The PF on the incident a/c made 5 full opposite deflections before the Fin failed. Cycling the rudder like that doesn't give the structure time to dissipate the loads induced by each deflection. The result is the loads build up to the point where the structure fails. In this case I believe the failed at over twice it's designed max load

The purpose of the rudder is to assist with:-

1. Lateral control on TO Roll. especially in Xwind conditions

Ldg Flare with Xwind, de crab purposes

During Ldg Roll when on ground.

2. To counteract thrust assymetry

3. a) Cater for the loss of both Yaw Dampers

b) Rudder Trim Runaway

c) Landing with abnormal Ldg Gr position. The rudder then can be used for directional control on the ground.


All the NTSB is recommending is that input loads required to move the rudder are increased to slow the rate of movement and increase the amount of pedal movement required to fully deflect thr rudder.
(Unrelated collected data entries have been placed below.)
(* Let $P=\{x\in\mathbb R^n : Ax=b,\ Bx\le d\}$ with $A\in\mathbb R^{m_A\times n}$, $B\in\mathbb R^{m_B\times n}$ be a pointed polyhedron. Then the cone $$C_{A,B}=\{(x,y^+,y^-)\in\mathbb R^{n+2m_B} : Ax=0,\ Bx=y^+-y^-,\ y^+,y^-\ge 0\}$$ is pointed and is generated by a set of extreme rays $S\cup T'$, where: (1) $S:=\{(g,y^+,y^-) : g\in\mathcal C(A,B),\ y^+_i=\max\{(Bg)_i,0\},\ y^-_i=\max\{-(Bg)_i,0\}\ \text{for } i\le m_B\}$ (these give the circuits of $P$); (2) $T'$ is a subset of $T:=\{(0,y^+,y^-) : \text{for some } i\le m_B,\ y^+_i=y^-_i=1 \text{ and } y^+_j=y^-_j=0 \text{ for } j\ne i\}$ with $|T'|\le m_B$. That is, the extreme rays of $C_{A,B}$ are exactly the rays spanned by the elements of $S\cup T'$.
   Context: $P$ is pointed means $\operatorname{rank}\binom{A}{B}=n$. The set of circuits $\mathcal C(A,B)$ of $P$ consists of all $g\in\ker(A)\setminus\{0\}$ normalized to coprime integer components for which $Bg$ is support-minimal over $\{Bx : x\in\ker(A)\setminus\{0\}\}$, i.e. no $x\in\ker(A)\setminus\{0\}$ satisfies $\operatorname{supp}(Bx)\subsetneq\operatorname{supp}(Bg)$. *)

theory Defs
  imports "HOL-Analysis.Analysis"
begin

definition stack_mat :: "real^'n^'ma \<Rightarrow> real^'n^'mb \<Rightarrow> real^'n^('ma + 'mb)" where
  "stack_mat A B = (\<chi> k. case k of Inl i \<Rightarrow> A $ i | Inr j \<Rightarrow> B $ j)"

text \<open>The polyhedron {x. Ax = b, Bx <= d} is pointed: rank of (A;B) equals n.\<close>
definition pointed_poly :: "real^'n^'ma \<Rightarrow> real^'n^'mb \<Rightarrow> bool" where
  "pointed_poly A B \<longleftrightarrow> rank (stack_mat A B) = CARD('n)"

definition vsupp :: "real^'m \<Rightarrow> 'm set" where
  "vsupp v = {i. v $ i \<noteq> 0}"

definition circuits :: "real^'n^'ma \<Rightarrow> real^'n^'mb \<Rightarrow> (real^'n) set" where
  "circuits A B = {g. A *v g = 0 \<and> g \<noteq> 0
      \<and> (\<forall>i. g $ i \<in> \<int>)
      \<and> Gcd ((\<lambda>i. \<lfloor>g $ i\<rfloor>) ` UNIV) = (1::int)
      \<and> \<not> (\<exists>x. A *v x = 0 \<and> x \<noteq> 0 \<and> vsupp (B *v x) \<subset> vsupp (B *v g))}"

text \<open>The cone C_{A,B} in R^{n + 2 m_B}, points written as triples (x, y+, y-).\<close>
definition cone_AB :: "real^'n^'ma \<Rightarrow> real^'n^'mb \<Rightarrow> ((real^'n) \<times> (real^'mb) \<times> (real^'mb)) set" where
  "cone_AB A B = {(x, yp, ym). A *v x = 0 \<and> B *v x = yp - ym
      \<and> (\<forall>i. 0 \<le> yp $ i) \<and> (\<forall>i. 0 \<le> ym $ i)}"

definition pointed_cone :: "'a::real_vector set \<Rightarrow> bool" where
  "pointed_cone C \<longleftrightarrow> (\<forall>z. z \<in> C \<and> - z \<in> C \<longrightarrow> z = 0)"

definition ray :: "'a::real_vector \<Rightarrow> 'a set" where
  "ray r = {t *\<^sub>R r | t. 0 \<le> t}"

definition extreme_ray_of :: "'a::real_vector set \<Rightarrow> 'a set \<Rightarrow> bool" where
  "extreme_ray_of R C \<longleftrightarrow> (\<exists>r. r \<noteq> 0 \<and> R = ray r \<and> R face_of C)"

definition S_set :: "real^'n^'ma \<Rightarrow> real^'n^'mb \<Rightarrow> ((real^'n) \<times> (real^'mb) \<times> (real^'mb)) set" where
  "S_set A B = {(g, \<chi> i. max ((B *v g) $ i) 0, \<chi> i. max (- (B *v g) $ i) 0) | g. g \<in> circuits A B}"

definition T_set :: "((real^'n) \<times> (real^'mb) \<times> (real^'mb)) set" where
  "T_set = {(0, axis i 1, axis i 1) | i. True}"

end

theory Submission
  imports Defs
begin

text \<open>
  A point \<open>(x, y\<^sup>+, y\<^sup>-)\<close> of the cone is the lift \<open>(x, (Bx)\<^sup>+, (Bx)\<^sup>-)\<close> of a kernel vector
  \<open>x\<close> of \<open>A\<close> plus a nonnegative combination of the points \<open>(0, e\<^sub>i, e\<^sub>i)\<close>. By conformal
  decomposition the lift of \<open>x\<close> is a nonnegative combination of lifts of support-minimal
  kernel vectors whose \<open>B\<close>-images conform in sign to \<open>Bx\<close>, and for rational \<open>A\<close>, \<open>B\<close> every
  support-minimal vector is a positive multiple of a circuit. The point \<open>(0, e\<^sub>i, e\<^sub>i)\<close> is
  redundant exactly when some nonzero kernel vector \<open>x\<close> has \<open>Bx\<close> supported on row \<open>i\<close>, for then
  it is a positive multiple of the sum of the lifts of \<open>x\<close> and \<open>-x\<close>. Pointedness of \<open>P\<close> says
  that \<open>Ax = 0\<close> and \<open>Bx = 0\<close> force \<open>x = 0\<close>; this makes the cone pointed, so its extreme rays are
  exactly the rays of its indecomposable elements. A summand of the lift of a support-minimal
  \<open>g\<close> has \<open>B\<close>-support inside that of \<open>Bg\<close> and is therefore a multiple of it, while the lift of a
  kernel vector that is not support-minimal splits into two conformal, non-proportional lifts.
\<close>

section \<open>Rational vectors\<close>

lemma rational_kernel_vector:
  fixes M :: "real^'n^'k"
  assumes rat: "\<forall>i j. M $ i $ j \<in> \<rat>" and x: "M *v x = 0" "x \<noteq> 0"
  obtains r where "r \<noteq> 0" "\<forall>j. r $ j \<in> \<rat>" "M *v r = 0"
proof -
  have "\<forall>i j. \<exists>q. M $ i $ j = of_rat q" using rat by (metis Rats_cases)
  then obtain f where f: "\<And>i j. M $ i $ j = of_rat (f i j)" by metis
  define Mq :: "rat^'n^'k" where "Mq = (\<chi> i j. f i j)"
  have of_rat_mult_vector: "M *v (\<chi> j. of_rat (v $ j)) = (\<chi> i. of_rat ((Mq *v v) $ i))" for v
    by (simp add: vec_eq_iff matrix_vector_mult_def Mq_def f of_rat_sum of_rat_mult)
  \<comment> \<open>A rational left inverse of Mq would also be a real left inverse of M.\<close>
  have "\<not> (\<forall>v. Mq *v v = 0 \<longrightarrow> v = 0)"
  proof
    assume "\<forall>v. Mq *v v = 0 \<longrightarrow> v = 0"
    then obtain L :: "rat^'k^'n" where L: "L ** Mq = mat 1"
      by (auto simp: matrix_left_invertible_ker[symmetric])
    define Lr where "Lr = (\<chi> i j. (of_rat (L $ i $ j) :: real))"
    have "(Lr ** M) $ i $ j = of_rat ((L ** Mq) $ i $ j)" for i j
      by (simp add: Lr_def matrix_matrix_mult_def Mq_def f of_rat_sum of_rat_mult)
    then have "Lr ** M = mat 1" using L by (simp add: vec_eq_iff mat_def)
    then have "x = 0" using x(1) matrix_left_invertible_ker by blast
    with x(2) show False ..
  qed
  then obtain v where v: "Mq *v v = 0" "v \<noteq> 0" by blast
  show thesis
  proof
    show "(\<chi> j. of_rat (v $ j)) \<noteq> (0 :: real^'n)" using v(2) by (simp add: vec_eq_iff)
    show "M *v (\<chi> j. of_rat (v $ j)) = 0" using v(1) by (simp add: of_rat_mult_vector vec_eq_iff)
  qed simp
qed

lemma rational_vector_common_denominator:
  fixes r :: "real^'n"
  assumes "\<forall>j. r $ j \<in> \<rat>"
  obtains D :: int where "D > 0" "\<forall>j. of_int D * r $ j \<in> \<int>"
proof -
  have "\<forall>j. \<exists>a b. b > 0 \<and> r $ j = of_int a / of_int b"
    using assms Rats_cases' by metis
  then obtain a b where ab: "\<And>j. b j > (0::int)" "\<And>j. r $ j = of_int (a j) / of_int (b j)"
    by metis
  define D where "D = (\<Prod>k\<in>UNIV. b k)"
  have "of_int D * r $ j \<in> \<int>" for j
  proof -
    have "D = b j * (\<Prod>k\<in>UNIV - {j}. b k)"
      unfolding D_def by (simp add: prod.remove)
    then have "of_int D * r $ j = of_int (a j * (\<Prod>k\<in>UNIV - {j}. b k))"
      using ab[of j] by (simp add: field_simps)
    then show ?thesis by (metis Ints_of_int)
  qed
  moreover have "D > 0" unfolding D_def using ab(1) by (intro prod_pos) auto
  ultimately show thesis using that by blast
qed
The fin and rudder worked as advertised. Th PF operated the controls incorrectly. I have spoken to several Boeing & Airbus pilots and they all said the AA pilot was wrong to fly like that


User currently offline777236ER From , joined Dec 1969, posts, RR:
Reply 15, posted (9 years 8 months 1 week 2 days 2 hours ago) and read 3610 times:

No system on a plane should be allowed to exceed the limit of what it can handle. There should be some type of warning or the plane should of been designed to where it could of NEVER reach the limitation. When the rudder revered on the 73's it was a DESIGN FLAW.

Nonsense, very few aircraft have hard limits on control movement (or, more importantly, control repetitiveness) at any altitude or airspeed. Try turning you car wheel from full lock one way to full lock the other five times while travelling at 70mph. If you crash, is it a design flaw? The rudder hardovers, on the other hand, were design flaws – the rudder should not have done that.

The A300-600R rudder pedal characteristics were unusual, as the report pointed out – but unusual characteristics don’t make an unsafe aircraft. Every aircraft is unusual in one way or another. Safety is ensured when training informs crews of the quirks of the aircraft, and in the case of AA 587, training wasn’t adequate.


User currently offlineStarlionblue From Greenland, joined Feb 2004, 17027 posts, RR: 67
Reply 16, posted (9 years 8 months 1 week 2 days 2 hours ago) and read 3544 times:

I have flown many times and have hit wake turbulence. I hit is so bad one time the plane was banking on 40% angels and the captain said the rudder was at full deflution and on a lil old RJ it managed to stay intact

How coul you possibly know that the pilots was using the rudder?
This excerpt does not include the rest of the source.